Сашка, оторвав кусочек мякоти от курицы и забросив его себе в рот, принялся наполнять, стаканы по новой.
- Так ты все-таки решил, домой не едешь? – спросил он у Женьки, продолжая жевать свой кусочек курицы.
Женька задумался:
- Нет, домой я точно не вернусь. Да и что мне там делать. На его пьяную рожу смотреть. Вспомню о похоронах матери, убить его хочется. А ведь не выдержу когда-нибудь и точно прибью. Зачем мне это? - он снова задумался, потом продолжил – говорят в деревне вообще делать нечего. Работы нет, мужики от безделья спились почти все. Нет, туда я точно не вернусь.
- А куда подашься?
- Не знаю. Вот приедем в районный город там и решу.
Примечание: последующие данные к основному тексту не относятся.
lemma linf_sum_right: "linf z (\<Sum>j\<in>S. f j) = (\<Sum>j\<in>S. linf z (f j))"
  by (simp add: linf_def sum_distrib_left sum.swap[of _ S])

lemma linf_commute: "linf x y = linf y x"
  by (simp add: linf_def mult.commute)

lemma linf_axis_left: "linf (axis i 1) y = y $ i"
proof -
  have "linf (axis i 1) y = (\<Sum>j\<in>UNIV. if j = i then y $ j else 0)"
    unfolding linf_def by (rule sum.cong) (auto simp: axis_def)
  then show ?thesis by simp
qed

lemma matrix_vector_mult_nth_eq_linf: "(A *v v) $ i = linf (A $ i) v"
  by (simp add: matrix_vector_mult_def linf_def)

lemma matrix_vector_mult_smult_mat: "smult_mat c A *v v = c *s (A *v v)"
  by (simp add: vec_eq_iff matrix_vector_mult_def smult_mat_def sum_distrib_left mult.assoc)

definition polar :: "'k::comm_ring_1^'n^'n \<Rightarrow> 'k^'n \<Rightarrow> 'k^'n \<Rightarrow> 'k" where
  "polar A x y = linf x (A *v y)"

lemma polar_add_left [simp]: "polar A (x + y) z = polar A x z + polar A y z"
  by (simp add: polar_def)

lemma polar_add_right [simp]: "polar A z (x + y) = polar A z x + polar A z y"
  by (simp add: polar_def matrix_vector_right_distrib)

lemma polar_smult_left [simp]: "polar A (a *s x) z = a * polar A x z"
  by (simp add: polar_def)

lemma polar_smult_right [simp]: "polar (A::'k::field^'n^'n) z (a *s x) = a * polar A z x"
  by (simp add: polar_def vector_scalar_commute)

lemma polar_transpose: "polar A x y = polar (transpose A) y x"
proof -
  have "polar A x y = (\<Sum>i\<in>UNIV. \<Sum>j\<in>UNIV. x$i * A$i$j * y$j)"
    unfolding polar_def linf_def matrix_vector_mult_def
    by (simp add: sum_distrib_left mult_ac)
  also have "\<dots> = (\<Sum>j\<in>UNIV. \<Sum>i\<in>UNIV. x$i * A$i$j * y$j)"
    by (rule sum.swap)
  also have "\<dots> = polar (transpose A) y x"
    unfolding polar_def linf_def matrix_vector_mult_def transpose_def
    by (simp add: sum_distrib_left mult_ac)
  finally show ?thesis .
qed

lemma polar_commute: "symmetric_mat A \<Longrightarrow> polar A x y = polar A y x"
  by (metis polar_transpose symmetric_mat_def)

lemma qf_eq_polar: "qf A v = polar A v v"
  unfolding qf_def polar_def linf_def matrix_vector_mult_def
  by (simp add: sum_distrib_left mult_ac)

lemma qf_lin_comb:
  fixes A :: "'k::field^'n^'n"
  assumes "symmetric_mat A"
  shows "qf A (a *s x + b *s y) = a\<^sup>2 * qf A x + 2 * a * b * polar A x y + b\<^sup>2 * qf A y"
  using polar_commute[OF assms, of y x]
  by (simp add: qf_eq_polar algebra_simps power2_eq_square)

lemma line_span_subset_zeroset_iff:
  fixes A :: "'k::field_char_0^'n^'n"
  assumes "symmetric_mat A" "qf A x = 0" "qf A y = 0"
  shows "line_span x y \<subseteq> zeroset A \<longleftrightarrow> polar A x y = 0"
proof
  assume "line_span x y \<subseteq> zeroset A"
  moreover have "1 *s x + 1 *s y \<in> line_span x y"
    unfolding line_span_def by blast
  ultimately have "qf A (1 *s x + 1 *s y) = 0"
    by (auto simp: zeroset_def)
  then show "polar A x y = 0"
    using qf_lin_comb[OF assms(1), of 1 x 1 y] assms by simp
qed (use qf_lin_comb[OF assms(1)] assms in \<open>auto simp: line_span_def zeroset_def\<close>)

lemma left_in_line_span: "x \<in> line_span x (y::'k::comm_ring_1^'n)"
  unfolding line_span_def by (force intro: exI[of _ 1] exI[of _ 0])

lemma right_in_line_span: "y \<in> line_span x (y::'k::comm_ring_1^'n)"
  unfolding line_span_def by (force intro: exI[of _ 1] exI[of _ 0])

lemma polar_eq_0_if_line_span_subset_zeroset:
  fixes A :: "'k::field_char_0^'n^'n"
  assumes "symmetric_mat A" "line_span x y \<subseteq> zeroset A"
  shows "polar A x y = 0"
proof -
  have "qf A x = 0" "qf A y = 0"
    using assms(2) left_in_line_span[of x y] right_in_line_span[of y x]
    unfolding zeroset_def by blast+
  then show ?thesis
    using line_span_subset_zeroset_iff assms by blast
qed

lemma line_span_subset_line_span:
  fixes x y :: "'k::field^'n"
  assumes "v \<in> line_span x y" "v' \<in> line_span x y"
  shows "line_span v v' \<subseteq> line_span x y"
proof
  fix z assume "z \<in> line_span v v'"
  then obtain s t where z: "z = s *s v + t *s v'"
    by (auto simp: line_span_def)
  obtain a b a' b' where "v = a *s x + b *s y" "v' = a' *s x + b' *s y"
    using assms by (auto simp: line_span_def)
  then have "z = (s * a + t * a') *s x + (s * b + t * b') *s y"
    by (simp add: z vec_eq_iff algebra_simps)
  then show "z \<in> line_span x y"
    unfolding line_span_def by blast
qed

lemma line_span_add:
  fixes x y :: "'k::field^'n"
  assumes "v \<in> line_span x y" "v' \<in> line_span x y"
  shows "v + v' \<in> line_span x y"
proof -
  have "1 *s v + 1 *s v' \<in> line_span v v'"
    unfolding line_span_def by blast
  then show ?thesis
    using line_span_subset_line_span[OF assms] by auto
qed

lemma span_insert_transversal:
  fixes h u :: "'k::field^'n"
  assumes "vec.span B = {v. linf h v = 0}" "linf h u \<noteq> 0"
  shows "vec.span (insert u B) = UNIV"
proof -
  have "x - (linf h x / linf h u) *s u \<in> vec.span B" for x
    using assms by (simp add: linf_diff_right)
  then show ?thesis
    using vec.span_breakdown_eq by blast
qed

lemma linf_eq_0_on_span:
  assumes "v \<in> vec.span B" "\<And>b. b \<in> B \<Longrightarrow> linf y b = 0"
  shows "linf y v = (0::'k::field)"
  using assms by (induction rule: vec.span_induct_alt) auto

lemma vec_eq_0_if_linf_eq_0_on_spanning:
  fixes y :: "'k::field^'n"
  assumes "vec.span B = UNIV" "\<And>b. b \<in> B \<Longrightarrow> linf y b = 0"
  shows "y = 0"
proof -
  have "linf y (axis i 1) = 0" for i
    using linf_eq_0_on_span[of "axis i 1" B y] assms by simp
  then show ?thesis
    by (simp add: vec_eq_iff linf_commute[of y] linf_axis_left)
qed

lemma matrix_eq_0_if_kills_spanning:
  fixes A :: "'k::field^'n^'n"
  assumes "vec.span B = UNIV" "\<And>b. b \<in> B \<Longrightarrow> A *v b = 0"
  shows "A = 0"
proof -
  have "A $ i = 0" for i
    using assms by (intro vec_eq_0_if_linf_eq_0_on_spanning[of B])
      (auto simp flip: matrix_vector_mult_nth_eq_linf)
  then show ?thesis
    by (simp add: vec_eq_iff)
qed

lemma line_span_subset_sing:
  fixes A :: "'k::field_char_0^'n^'n"
  assumes sym: "symmetric_mat A" and L: "line_span u1 u2 \<subseteq> zeroset A"
    and spanning: "vec.span (insert u0 B) = UNIV" and u0: "u0 \<in> line_span u1 u2"
    and polar_B: "\<And>v b. v \<in> line_span u1 u2 \<Longrightarrow> b \<in> B \<Longrightarrow> polar A v b = 0"
  shows "line_span u1 u2 \<subseteq> sing A"
proof
  fix v assume v: "v \<in> line_span u1 u2"
  have "linf (A *v v) b = 0" if "b \<in> insert u0 B" for b
  proof -
    have "linf (A *v v) b = polar A b v"
      by (simp add: polar_def linf_commute)
    also have "\<dots> = 0"
    proof (cases "b = u0")
      case True
      then show ?thesis
        using L line_span_subset_line_span[OF u0 v] sym
        by (blast intro: polar_eq_0_if_line_span_subset_zeroset)
    next
      case False
      then show ?thesis
        using that polar_B[OF v] polar_commute[OF sym] by auto
    qed
    finally show ?thesis .
  qed
  then show "v \<in> sing A"
    using vec_eq_0_if_linf_eq_0_on_spanning[OF spanning] by (auto simp: sing_def)
qed

section \<open>Binary forms\<close>

definition binary_form :: "nat \<Rightarrow> (nat \<Rightarrow> 'k::comm_ring_1) \<Rightarrow> 'k \<Rightarrow> 'k \<Rightarrow> 'k" where
  "binary_form d f c e = (\<Sum>j\<le>d. c ^ (d - j) * e ^ j * f j)"

definition binary_form_poly :: "nat \<Rightarrow> (nat \<Rightarrow> 'k::comm_ring_1) \<Rightarrow> 'k poly" where
  "binary_form_poly d f = (\<Sum>j\<le>d. monom (f j) (d - j))"

lemma poly_binary_form_poly: "poly (binary_form_poly d f) t = binary_form d f t 1"
  by (simp add: binary_form_poly_def binary_form_def poly_sum poly_monom mult.commute)

lemma coeff_binary_form_poly: "i \<le> d \<Longrightarrow> coeff (binary_form_poly d f) (d - i) = f i"
proof -
  assume i: "i \<le> d"
  have "coeff (binary_form_poly d f) (d - i) = (\<Sum>j\<le>d. if j = i then f j else 0)"
    unfolding binary_form_poly_def coeff_sum coeff_monom
    by (rule sum.cong) (use i in auto)
  also have "\<dots> = f i"
    using i by simp
  finally show ?thesis .
qed

lemma binary_form_poly_eq_0_iff: "binary_form_poly d f = 0 \<longleftrightarrow> (\<forall>j\<le>d. f j = 0)"
proof
  show "binary_form_poly d f = 0 \<Longrightarrow> \<forall>j\<le>d. f j = 0"
    by (metis coeff_0 coeff_binary_form_poly)
qed (simp add: binary_form_poly_def)

lemma binary_form_coeff_eq_0:
  fixes f :: "nat \<Rightarrow> 'k::{idom, ring_char_0}"
  assumes "\<And>c e. binary_form d f c e = 0" "j \<le> d"
  shows "f j = 0"
proof -
  have "binary_form_poly d f = 0"
    using assms(1) by (simp flip: poly_all_0_iff_0 add: poly_binary_form_poly)
  then show ?thesis
    using assms(2) by (simp add: binary_form_poly_eq_0_iff)
qed

text \<open>The product of the two dehomogenized forms vanishes identically, and the second is nonzero.\<close>
lemma binary_form_coeff_eq_0_off_zeros:
  fixes f g :: "nat \<Rightarrow> 'k::{idom, ring_char_0}"
  assumes g0: "binary_form d g c0 e0 \<noteq> 0"
    and vanish: "\<And>c e. binary_form d g c e \<noteq> 0 \<Longrightarrow> binary_form d f c e = 0"
    and "j \<le> d"
  shows "f j = 0"
proof -
  have "poly (binary_form_poly d f * binary_form_poly d g) t = 0" for t
    using vanish[of t 1] by (auto simp: poly_binary_form_poly)
  then have "binary_form_poly d f * binary_form_poly d g = 0"
    using poly_all_0_iff_0 by blast
  moreover have "binary_form_poly d g \<noteq> 0"
    using g0 by (auto simp: binary_form_poly_eq_0_iff binary_form_def intro!: sum.neutral)
  ultimately show ?thesis
    using \<open>j \<le> d\<close> by (auto simp: binary_form_poly_eq_0_iff)
qed

lemma matrix_vector_mult_rnc_pt:
  "(A::'k::field^'n^'n) *v rnc_pt w d c e = rnc_pt (\<lambda>j. A *v w j) d c e"
  by (simp add: rnc_pt_def vec.linear_sum[OF matrix_vector_mul_linear_gen] vector_scalar_commute)

lemma linf_rnc_pt: "linf y (rnc_pt w d c e) = binary_form d (\<lambda>j. linf y (w j)) c e"
  by (simp add: rnc_pt_def binary_form_def linf_sum_right)

lemma polar_rnc_pt:
  "polar (A::'k::field^'n^'n) v (rnc_pt w d c e) = binary_form d (\<lambda>j. polar A v (w j)) c e"
  by (simp add: polar_def matrix_vector_mult_rnc_pt linf_rnc_pt)

lemma nth_rnc_pt: "rnc_pt w d c e $ k = binary_form d (\<lambda>j. w j $ k) c e"
  by (simp add: rnc_pt_def binary_form_def)

section \<open>Polynomial functions and general elements\<close>

lemma polyfun_sum:
  "finite S \<Longrightarrow> (\<And>s. s \<in> S \<Longrightarrow> f s \<in> polyfun C) \<Longrightarrow> (\<lambda>x. \<Sum>s\<in>S. f s x) \<in> polyfun C"
  by (induction S rule: finite_induct) (simp_all add: polyfun.const polyfun.add)

lemma polyfun_power: "f \<in> polyfun C \<Longrightarrow> (\<lambda>x. f x ^ n) \<in> polyfun C"
  by (induction n) (simp_all add: polyfun.const polyfun.mult)

lemma polyfun_diff:
  assumes "f \<in> polyfun C" "g \<in> polyfun (C::('a \<Rightarrow> 'k::comm_ring_1) set)"
  shows "(\<lambda>x. f x - g x) \<in> polyfun C"
proof -
  have "(\<lambda>x. f x + (-1) * g x) \<in> polyfun C"
    using assms by (intro polyfun.add polyfun.mult polyfun.const)
  then show ?thesis
    by simp
qed

lemma polyfun_linf:
  "(\<And>i. (\<lambda>x. v x $ i) \<in> polyfun C) \<Longrightarrow> (\<And>i. (\<lambda>x. v' x $ i) \<in> polyfun C) \<Longrightarrow>
    (\<lambda>x. linf (v x) (v' x)) \<in> polyfun C"
  unfolding linf_def by (intro polyfun_sum polyfun.mult) auto

lemma polyfun_matrix_vector_mult_nth:
  "(\<And>i. (\<lambda>x. v x $ i) \<in> polyfun C) \<Longrightarrow> (\<lambda>x. (A *v v x) $ k) \<in> polyfun C"
  unfolding matrix_vector_mult_nth_eq_linf by (intro polyfun_linf polyfun.const)

lemma polyfun_polar:
  "(\<And>i. (\<lambda>x. v x $ i) \<in> polyfun C) \<Longrightarrow> (\<And>i. (\<lambda>x. v' x $ i) \<in> polyfun C) \<Longrightarrow>
    (\<lambda>x. polar A (v x) (v' x)) \<in> polyfun C"
  unfolding polar_def by (intro polyfun_linf polyfun_matrix_vector_mult_nth)

lemma polyfun_mat_entry: "(\<lambda>A. A $ i $ j) \<in> polyfun mat_coords"
  by (rule polyfun.coord) (auto simp: mat_coords_def)

lemma polyfun_mat_matrix_vector_mult_nth: "(\<lambda>A. (A *v v) $ k) \<in> polyfun mat_coords"
  unfolding matrix_vector_mult_def
  by (simp, intro polyfun_sum polyfun.mult polyfun_mat_entry polyfun.const) auto

lemma polyfun_mat_polar: "(\<lambda>A. polar A x y) \<in> polyfun mat_coords"
  unfolding polar_def linf_def
  by (intro polyfun_sum polyfun.mult polyfun_mat_matrix_vector_mult_nth polyfun.const) auto

lemma polyfun_mat_along_line:
  "f \<in> polyfun mat_coords \<Longrightarrow> \<exists>P. \<forall>t. f (smult_mat t B) = poly P t"
proof (induction rule: polyfun.induct)
  case (const c)
  show ?case
    by (rule exI[of _ "[:c:]"]) simp
next
  case (coord f)
  then obtain i j where "f = (\<lambda>A. A $ i $ j)"
    by (auto simp: mat_coords_def)
  then show ?case
    by (intro exI[of _ "[:0, B $ i $ j:]"]) (simp add: smult_mat_def)
next
  case (add f g)
  then show ?case
    by (metis poly_add)
next
  case (mult f g)
  then show ?case
    by (metis poly_mult)
qed

lemma general_inI:
  "f \<in> polyfun mat_coords \<Longrightarrow> A \<in> W \<Longrightarrow> f A \<noteq> 0 \<Longrightarrow> (\<And>A. A \<in> W \<Longrightarrow> f A \<noteq> 0 \<Longrightarrow> P A) \<Longrightarrow>
    general_in W P"
  unfolding general_in_def by (intro bexI[of _ f]) auto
Они оба надолго замолчали.
Родом Женька был из небольшой деревушки примостившейся на склоне уральских гор. Обычная деревня, каких тысячи встретишь на бескрайних просторах нашей страны. Несколько улиц с деревянными домами, расположились на склоне холма, подпертыми сверху лесом, спускающимся к самым огородам. Деревенская площадь, на которой находилось кирпичное здание администрации и рядом, почти такое же - магазин, вмещающий в себя и промышленные товары, и продукты. Немного в стороне, дом культуры – желтое здание с белыми колонами у входа, и за ним небольшой парк. В этом парке любила собираться молодежь, ютились на скамейках небольшие кучки, звучала музыка из магнитофонов, принесенных с собой, звякали бутылки пива в руках и нестройные ряды пустой тары стояли рядом на асфальте.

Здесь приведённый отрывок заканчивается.